Sulla terrazza superiore si sviluppano ampi ambienti, di cui uno destinato a sala per banchetti, per il consumo delle carni arrostite e del vino, con un focolare centrale e una banchina laterale con patere con ossa di volatili ancora in situ. Strettamente connesso con la sala per banchetti è un particolare apprestamento costituito da quattro vasche interrate (bothroi) prive di
fondo, di cui tre, dalle stesse dimensioni, hanno le pareti intonacate di rosso-porpora, colore
che ricorda quello del sangue. Tra di esse è la base modanata di un’ara, innanzi alla quale è un
plinto, anch’esso in arenaria, per statua o, più verosimilmente, per vasi o altri oggetti funzionali al rito.
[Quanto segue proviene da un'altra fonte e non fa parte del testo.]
(* Let $R\subseteq S$ be as in the context, let $n=n_1+\cdots+n_\ell$ with $n_i$ positive integers, and let $\mathcal{C}\subseteq S^n$ be any code (linear or not) with at least two elements. Setting $k=\log_{|S|}|\mathcal{C}|$, we have ${\rm d}_{SR}(\mathcal{C})\le n-k+1$, where ${\rm d}_{SR}$ is the sum-rank distance over $R$ for the length partition $n=n_1+\cdots+n_\ell$.
   Context: $R$ is a finite commutative chain ring with maximal ideal $\mathfrak{m}$; $S=R[x]/(h)$ with $h\in R[x]$ monic of degree $m$ irreducible modulo $\mathfrak{m}$, a free $R$-module of rank $m$. Rank: for $\mathbf{u}\in S^s$, fix an $R$-basis $\alpha_1,\ldots,\alpha_m$ of $S$ and write $\mathbf{u}=\sum_{i=1}^m\alpha_i(c_{i,1},\ldots,c_{i,s})$ with $c_{i,j}\in R$; ${\rm rk}(\mathbf{u})$ is the number of nonzero diagonal entries in the Smith normal form of $(c_{i,j})\in R^{m\times s}$ (independent of the basis). For $\mathbf{c}=(\mathbf{c}^{(1)},\ldots,\mathbf{c}^{(\ell)})\in S^n$ with $\mathbf{c}^{(i)}\in S^{n_i}$, ${\rm wt}_{SR}(\mathbf{c})=\sum_i{\rm rk}(\mathbf{c}^{(i)})$; ${\rm d}_{SR}(\mathbf{c},\mathbf{d})={\rm wt}_{SR}(\mathbf{c}-\mathbf{d})$; ${\rm d}_{SR}(\mathcal{C})$ is the minimum of ${\rm d}_{SR}(\mathbf{c},\mathbf{d})$ over distinct $\mathbf{c},\mathbf{d}\in\mathcal{C}$. *)

theory Defs
  imports "HOL-Computational_Algebra.Polynomial" "Jordan_Normal_Form.Matrix"
begin

definition cr_ideal :: "'a::comm_ring_1 set \<Rightarrow> bool" where
  "cr_ideal I \<longleftrightarrow> 0 \<in> I \<and> (\<forall>a\<in>I. \<forall>b\<in>I. a + b \<in> I) \<and> (\<forall>a\<in>I. \<forall>r. r * a \<in> I)"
L’ara, in questo caso, può essere considerata una sorta di mensa, ove il corpo della
vittima veniva trattato per la raccolta del sangue da offrire successivamente nei bothroi.
L’attestazione, infine, di grandi louteria, individuati in tutta l’area del santuario, e l’iterazione di louteria in miniatura, rinvenuti nel piccolo sacello, confermano la centralità dell’acqua nel culto.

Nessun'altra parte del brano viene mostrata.